───── Source data

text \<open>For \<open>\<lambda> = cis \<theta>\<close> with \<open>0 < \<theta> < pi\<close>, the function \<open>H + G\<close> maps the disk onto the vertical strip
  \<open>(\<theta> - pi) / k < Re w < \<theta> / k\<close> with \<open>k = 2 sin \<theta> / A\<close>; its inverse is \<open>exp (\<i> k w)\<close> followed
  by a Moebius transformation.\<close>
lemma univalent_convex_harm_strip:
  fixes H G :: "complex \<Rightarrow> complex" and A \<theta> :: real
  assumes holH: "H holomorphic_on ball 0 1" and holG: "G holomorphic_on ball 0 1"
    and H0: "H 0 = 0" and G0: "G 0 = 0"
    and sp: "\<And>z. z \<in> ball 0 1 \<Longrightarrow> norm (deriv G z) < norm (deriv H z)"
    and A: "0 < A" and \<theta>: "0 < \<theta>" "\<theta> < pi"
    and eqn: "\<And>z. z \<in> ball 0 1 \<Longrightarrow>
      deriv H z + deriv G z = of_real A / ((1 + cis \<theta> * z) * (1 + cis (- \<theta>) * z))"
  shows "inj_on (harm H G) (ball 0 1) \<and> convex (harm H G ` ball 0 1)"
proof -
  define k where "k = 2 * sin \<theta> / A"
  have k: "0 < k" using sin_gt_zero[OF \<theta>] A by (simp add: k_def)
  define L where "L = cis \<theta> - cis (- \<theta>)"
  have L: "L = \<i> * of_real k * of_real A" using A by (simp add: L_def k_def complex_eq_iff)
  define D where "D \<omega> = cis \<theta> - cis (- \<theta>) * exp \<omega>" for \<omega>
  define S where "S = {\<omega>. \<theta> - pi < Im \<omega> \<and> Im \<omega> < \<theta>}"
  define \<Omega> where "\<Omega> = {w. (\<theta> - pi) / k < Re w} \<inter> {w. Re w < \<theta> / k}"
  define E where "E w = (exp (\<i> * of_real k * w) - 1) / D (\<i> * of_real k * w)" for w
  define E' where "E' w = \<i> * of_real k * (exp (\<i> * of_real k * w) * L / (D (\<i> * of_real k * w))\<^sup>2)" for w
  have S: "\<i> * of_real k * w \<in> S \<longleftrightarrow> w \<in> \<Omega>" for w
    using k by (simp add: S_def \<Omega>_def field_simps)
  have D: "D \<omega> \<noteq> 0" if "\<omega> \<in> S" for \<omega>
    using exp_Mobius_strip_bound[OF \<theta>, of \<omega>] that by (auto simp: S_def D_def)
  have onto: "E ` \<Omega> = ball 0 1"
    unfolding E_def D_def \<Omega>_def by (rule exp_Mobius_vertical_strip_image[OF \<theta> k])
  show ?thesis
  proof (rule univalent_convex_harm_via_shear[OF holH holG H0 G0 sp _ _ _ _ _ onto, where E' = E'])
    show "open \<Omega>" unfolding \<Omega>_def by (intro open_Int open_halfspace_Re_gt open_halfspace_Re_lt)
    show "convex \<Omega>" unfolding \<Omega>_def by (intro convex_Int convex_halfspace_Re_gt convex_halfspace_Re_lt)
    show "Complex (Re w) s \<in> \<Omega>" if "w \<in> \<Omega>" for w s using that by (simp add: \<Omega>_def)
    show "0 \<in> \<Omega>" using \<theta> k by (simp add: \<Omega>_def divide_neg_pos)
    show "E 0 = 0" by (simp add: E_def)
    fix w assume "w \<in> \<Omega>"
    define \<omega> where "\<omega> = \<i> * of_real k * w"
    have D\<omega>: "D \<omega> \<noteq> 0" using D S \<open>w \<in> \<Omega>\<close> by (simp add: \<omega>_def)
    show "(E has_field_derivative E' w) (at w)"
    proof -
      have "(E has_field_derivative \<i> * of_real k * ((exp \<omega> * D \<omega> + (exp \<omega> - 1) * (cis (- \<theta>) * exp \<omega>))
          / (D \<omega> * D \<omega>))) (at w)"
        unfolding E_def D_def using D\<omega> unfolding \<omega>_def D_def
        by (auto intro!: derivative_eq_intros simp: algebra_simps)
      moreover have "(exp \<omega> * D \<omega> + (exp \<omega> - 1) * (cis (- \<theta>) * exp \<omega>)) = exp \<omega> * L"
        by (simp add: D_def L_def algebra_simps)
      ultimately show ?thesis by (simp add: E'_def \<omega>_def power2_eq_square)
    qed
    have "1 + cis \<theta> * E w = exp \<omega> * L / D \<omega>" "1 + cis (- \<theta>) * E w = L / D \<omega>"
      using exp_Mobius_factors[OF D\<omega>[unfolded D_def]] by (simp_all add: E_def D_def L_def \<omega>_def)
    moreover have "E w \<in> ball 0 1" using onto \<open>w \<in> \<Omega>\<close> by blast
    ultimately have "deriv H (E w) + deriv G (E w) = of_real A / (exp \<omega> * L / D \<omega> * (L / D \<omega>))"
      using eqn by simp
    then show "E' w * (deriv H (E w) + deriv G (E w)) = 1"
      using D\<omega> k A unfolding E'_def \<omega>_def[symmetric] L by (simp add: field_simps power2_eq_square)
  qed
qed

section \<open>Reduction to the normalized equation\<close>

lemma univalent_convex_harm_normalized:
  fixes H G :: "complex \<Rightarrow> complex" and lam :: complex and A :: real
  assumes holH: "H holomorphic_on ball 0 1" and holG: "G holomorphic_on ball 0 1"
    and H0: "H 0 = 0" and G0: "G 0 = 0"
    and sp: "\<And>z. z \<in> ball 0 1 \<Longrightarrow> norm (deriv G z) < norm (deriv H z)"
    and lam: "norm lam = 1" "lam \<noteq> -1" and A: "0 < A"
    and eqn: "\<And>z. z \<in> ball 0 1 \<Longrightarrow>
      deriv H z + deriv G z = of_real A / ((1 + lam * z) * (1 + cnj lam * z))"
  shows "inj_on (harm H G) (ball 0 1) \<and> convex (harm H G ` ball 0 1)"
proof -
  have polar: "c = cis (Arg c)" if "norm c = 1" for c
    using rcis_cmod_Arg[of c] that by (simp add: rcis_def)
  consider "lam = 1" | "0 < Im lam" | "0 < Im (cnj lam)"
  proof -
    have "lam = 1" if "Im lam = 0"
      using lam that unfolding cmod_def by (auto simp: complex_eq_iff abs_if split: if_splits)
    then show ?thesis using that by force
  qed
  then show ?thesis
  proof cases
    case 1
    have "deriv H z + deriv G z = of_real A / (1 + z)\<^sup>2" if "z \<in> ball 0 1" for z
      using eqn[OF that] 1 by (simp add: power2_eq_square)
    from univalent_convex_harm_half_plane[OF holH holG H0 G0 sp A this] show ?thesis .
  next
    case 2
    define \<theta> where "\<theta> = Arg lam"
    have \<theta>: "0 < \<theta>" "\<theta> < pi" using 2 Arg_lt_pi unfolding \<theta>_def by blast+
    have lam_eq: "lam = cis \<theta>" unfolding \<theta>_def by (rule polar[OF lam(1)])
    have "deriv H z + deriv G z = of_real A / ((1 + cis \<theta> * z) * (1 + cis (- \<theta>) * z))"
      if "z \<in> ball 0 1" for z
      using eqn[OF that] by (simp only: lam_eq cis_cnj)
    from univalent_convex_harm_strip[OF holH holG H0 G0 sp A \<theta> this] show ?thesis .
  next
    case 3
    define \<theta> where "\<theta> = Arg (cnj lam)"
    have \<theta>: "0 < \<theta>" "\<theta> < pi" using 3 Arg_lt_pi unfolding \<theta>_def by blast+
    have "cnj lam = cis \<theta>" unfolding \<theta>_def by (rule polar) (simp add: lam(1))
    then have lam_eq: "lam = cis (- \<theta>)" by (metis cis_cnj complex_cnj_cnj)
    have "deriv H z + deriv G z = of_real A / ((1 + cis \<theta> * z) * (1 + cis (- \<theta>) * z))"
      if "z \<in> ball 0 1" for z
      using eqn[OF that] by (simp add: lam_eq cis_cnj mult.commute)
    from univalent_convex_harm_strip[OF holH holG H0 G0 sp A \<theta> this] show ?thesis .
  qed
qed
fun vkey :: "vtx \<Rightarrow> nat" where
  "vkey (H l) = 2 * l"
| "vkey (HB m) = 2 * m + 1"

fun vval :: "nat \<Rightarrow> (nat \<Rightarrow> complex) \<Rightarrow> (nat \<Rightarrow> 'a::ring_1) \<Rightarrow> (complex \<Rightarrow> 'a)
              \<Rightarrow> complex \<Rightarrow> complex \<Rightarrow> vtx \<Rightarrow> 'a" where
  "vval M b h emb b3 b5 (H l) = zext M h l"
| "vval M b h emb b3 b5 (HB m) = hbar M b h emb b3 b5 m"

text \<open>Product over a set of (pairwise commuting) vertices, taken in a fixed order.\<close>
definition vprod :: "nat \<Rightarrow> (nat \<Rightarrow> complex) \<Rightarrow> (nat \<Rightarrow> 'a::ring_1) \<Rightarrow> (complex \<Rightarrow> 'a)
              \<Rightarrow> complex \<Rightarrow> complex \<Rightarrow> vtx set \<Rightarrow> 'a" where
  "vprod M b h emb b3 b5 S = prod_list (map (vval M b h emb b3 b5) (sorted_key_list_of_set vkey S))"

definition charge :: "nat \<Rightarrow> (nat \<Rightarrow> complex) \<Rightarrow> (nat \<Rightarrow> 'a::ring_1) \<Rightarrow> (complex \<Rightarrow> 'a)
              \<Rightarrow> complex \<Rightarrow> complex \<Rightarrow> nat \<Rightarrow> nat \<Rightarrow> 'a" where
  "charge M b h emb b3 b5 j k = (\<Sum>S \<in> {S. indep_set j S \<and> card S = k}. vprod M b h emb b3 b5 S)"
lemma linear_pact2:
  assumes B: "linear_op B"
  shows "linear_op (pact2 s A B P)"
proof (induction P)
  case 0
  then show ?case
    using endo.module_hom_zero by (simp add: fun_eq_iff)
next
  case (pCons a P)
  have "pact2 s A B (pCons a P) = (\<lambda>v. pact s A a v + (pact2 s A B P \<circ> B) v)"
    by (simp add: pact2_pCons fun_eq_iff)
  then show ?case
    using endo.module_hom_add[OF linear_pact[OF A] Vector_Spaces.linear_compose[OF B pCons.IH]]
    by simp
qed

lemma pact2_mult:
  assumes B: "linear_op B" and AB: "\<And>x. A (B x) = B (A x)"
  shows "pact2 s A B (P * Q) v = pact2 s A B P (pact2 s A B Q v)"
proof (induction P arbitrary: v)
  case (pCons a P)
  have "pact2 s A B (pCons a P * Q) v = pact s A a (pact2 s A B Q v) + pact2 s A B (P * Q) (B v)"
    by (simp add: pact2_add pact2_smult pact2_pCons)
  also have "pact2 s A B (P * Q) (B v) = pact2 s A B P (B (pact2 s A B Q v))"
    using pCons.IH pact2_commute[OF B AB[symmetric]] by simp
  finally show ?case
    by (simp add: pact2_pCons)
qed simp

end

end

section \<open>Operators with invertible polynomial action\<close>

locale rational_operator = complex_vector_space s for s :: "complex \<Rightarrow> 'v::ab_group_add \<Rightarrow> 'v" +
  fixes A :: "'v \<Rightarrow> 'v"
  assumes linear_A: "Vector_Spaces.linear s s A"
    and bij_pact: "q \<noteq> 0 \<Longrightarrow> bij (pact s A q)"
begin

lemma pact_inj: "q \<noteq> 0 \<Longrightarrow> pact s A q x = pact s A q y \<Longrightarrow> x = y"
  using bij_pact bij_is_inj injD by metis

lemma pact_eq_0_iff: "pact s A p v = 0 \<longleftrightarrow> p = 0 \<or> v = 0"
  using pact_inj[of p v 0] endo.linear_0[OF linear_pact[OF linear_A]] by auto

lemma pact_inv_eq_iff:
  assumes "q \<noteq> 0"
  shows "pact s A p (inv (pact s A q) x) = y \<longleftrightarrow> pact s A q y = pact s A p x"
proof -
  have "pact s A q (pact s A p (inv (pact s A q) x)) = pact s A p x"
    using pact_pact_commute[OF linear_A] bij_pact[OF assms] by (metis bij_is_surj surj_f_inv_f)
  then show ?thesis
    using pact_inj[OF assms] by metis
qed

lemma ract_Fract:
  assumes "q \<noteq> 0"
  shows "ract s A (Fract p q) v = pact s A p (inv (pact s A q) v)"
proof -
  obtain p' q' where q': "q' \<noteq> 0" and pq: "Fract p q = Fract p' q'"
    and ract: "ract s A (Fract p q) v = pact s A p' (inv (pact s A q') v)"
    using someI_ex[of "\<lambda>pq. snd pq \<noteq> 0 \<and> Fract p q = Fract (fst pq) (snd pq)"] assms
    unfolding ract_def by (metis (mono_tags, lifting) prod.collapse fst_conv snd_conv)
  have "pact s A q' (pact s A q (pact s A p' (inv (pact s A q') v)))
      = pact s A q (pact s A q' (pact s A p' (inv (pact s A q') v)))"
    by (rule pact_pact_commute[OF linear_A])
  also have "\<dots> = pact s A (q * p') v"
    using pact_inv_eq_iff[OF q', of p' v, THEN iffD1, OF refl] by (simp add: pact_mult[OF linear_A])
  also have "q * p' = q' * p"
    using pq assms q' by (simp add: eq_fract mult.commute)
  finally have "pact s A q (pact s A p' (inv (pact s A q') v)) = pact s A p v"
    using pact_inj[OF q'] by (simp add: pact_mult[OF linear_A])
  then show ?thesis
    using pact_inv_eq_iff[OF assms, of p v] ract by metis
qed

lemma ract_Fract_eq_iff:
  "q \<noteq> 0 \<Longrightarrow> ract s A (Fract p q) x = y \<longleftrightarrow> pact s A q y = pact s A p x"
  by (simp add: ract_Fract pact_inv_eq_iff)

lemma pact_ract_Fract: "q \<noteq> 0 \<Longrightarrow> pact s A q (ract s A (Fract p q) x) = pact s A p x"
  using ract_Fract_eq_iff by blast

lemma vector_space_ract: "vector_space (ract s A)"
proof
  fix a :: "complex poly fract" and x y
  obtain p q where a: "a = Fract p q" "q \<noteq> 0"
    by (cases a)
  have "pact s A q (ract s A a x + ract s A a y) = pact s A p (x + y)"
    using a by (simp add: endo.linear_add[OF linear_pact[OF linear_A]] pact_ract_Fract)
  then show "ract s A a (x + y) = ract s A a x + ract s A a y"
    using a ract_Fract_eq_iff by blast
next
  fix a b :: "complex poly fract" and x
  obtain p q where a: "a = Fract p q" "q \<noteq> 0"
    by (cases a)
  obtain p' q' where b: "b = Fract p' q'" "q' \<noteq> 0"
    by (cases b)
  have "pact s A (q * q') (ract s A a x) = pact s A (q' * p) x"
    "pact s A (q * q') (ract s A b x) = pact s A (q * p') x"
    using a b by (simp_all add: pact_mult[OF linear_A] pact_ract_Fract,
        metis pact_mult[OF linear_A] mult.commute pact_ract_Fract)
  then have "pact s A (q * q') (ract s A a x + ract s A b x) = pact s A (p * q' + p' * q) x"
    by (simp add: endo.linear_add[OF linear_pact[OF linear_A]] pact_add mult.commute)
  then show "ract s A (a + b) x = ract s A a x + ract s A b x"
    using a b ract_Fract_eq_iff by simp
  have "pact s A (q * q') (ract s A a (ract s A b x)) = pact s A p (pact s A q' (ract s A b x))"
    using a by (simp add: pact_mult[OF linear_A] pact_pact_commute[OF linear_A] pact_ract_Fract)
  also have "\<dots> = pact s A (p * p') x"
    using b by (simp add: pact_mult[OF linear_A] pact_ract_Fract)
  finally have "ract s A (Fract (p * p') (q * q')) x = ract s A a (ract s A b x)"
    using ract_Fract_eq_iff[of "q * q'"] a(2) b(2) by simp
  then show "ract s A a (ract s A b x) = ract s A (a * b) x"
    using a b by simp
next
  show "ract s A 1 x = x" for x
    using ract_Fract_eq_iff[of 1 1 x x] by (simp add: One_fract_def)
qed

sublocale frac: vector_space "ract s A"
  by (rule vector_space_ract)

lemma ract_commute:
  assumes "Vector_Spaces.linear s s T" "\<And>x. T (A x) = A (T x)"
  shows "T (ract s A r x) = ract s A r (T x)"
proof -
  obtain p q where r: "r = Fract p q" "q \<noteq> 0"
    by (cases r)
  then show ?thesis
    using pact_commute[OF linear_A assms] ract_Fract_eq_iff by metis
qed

──────────

Exercise brief: Please reproduce the lines from the line with "using D\<omega> k" to the line with "(rule polar[OF lam(1)])", both ends included, exactly as they appear above.

Finished task:
      using D\<omega> k A unfolding E'_def \<omega>_def[symmetric] L by (simp add: field_simps power2_eq_square)
  qed
qed

section \<open>Reduction to the normalized equation\<close>

lemma univalent_convex_harm_normalized:
  fixes H G :: "complex \<Rightarrow> complex" and lam :: complex and A :: real
  assumes holH: "H holomorphic_on ball 0 1" and holG: "G holomorphic_on ball 0 1"
    and H0: "H 0 = 0" and G0: "G 0 = 0"
    and sp: "\<And>z. z \<in> ball 0 1 \<Longrightarrow> norm (deriv G z) < norm (deriv H z)"
    and lam: "norm lam = 1" "lam \<noteq> -1" and A: "0 < A"
    and eqn: "\<And>z. z \<in> ball 0 1 \<Longrightarrow>
      deriv H z + deriv G z = of_real A / ((1 + lam * z) * (1 + cnj lam * z))"
  shows "inj_on (harm H G) (ball 0 1) \<and> convex (harm H G ` ball 0 1)"
proof -
  have polar: "c = cis (Arg c)" if "norm c = 1" for c
    using rcis_cmod_Arg[of c] that by (simp add: rcis_def)
  consider "lam = 1" | "0 < Im lam" | "0 < Im (cnj lam)"
  proof -
    have "lam = 1" if "Im lam = 0"
      using lam that unfolding cmod_def by (auto simp: complex_eq_iff abs_if split: if_splits)
    then show ?thesis using that by force
  qed
  then show ?thesis
  proof cases
    case 1
    have "deriv H z + deriv G z = of_real A / (1 + z)\<^sup>2" if "z \<in> ball 0 1" for z
      using eqn[OF that] 1 by (simp add: power2_eq_square)
    from univalent_convex_harm_half_plane[OF holH holG H0 G0 sp A this] show ?thesis .
  next
    case 2
    define \<theta> where "\<theta> = Arg lam"
    have \<theta>: "0 < \<theta>" "\<theta> < pi" using 2 Arg_lt_pi unfolding \<theta>_def by blast+
    have lam_eq: "lam = cis \<theta>" unfolding \<theta>_def by (rule polar[OF lam(1)])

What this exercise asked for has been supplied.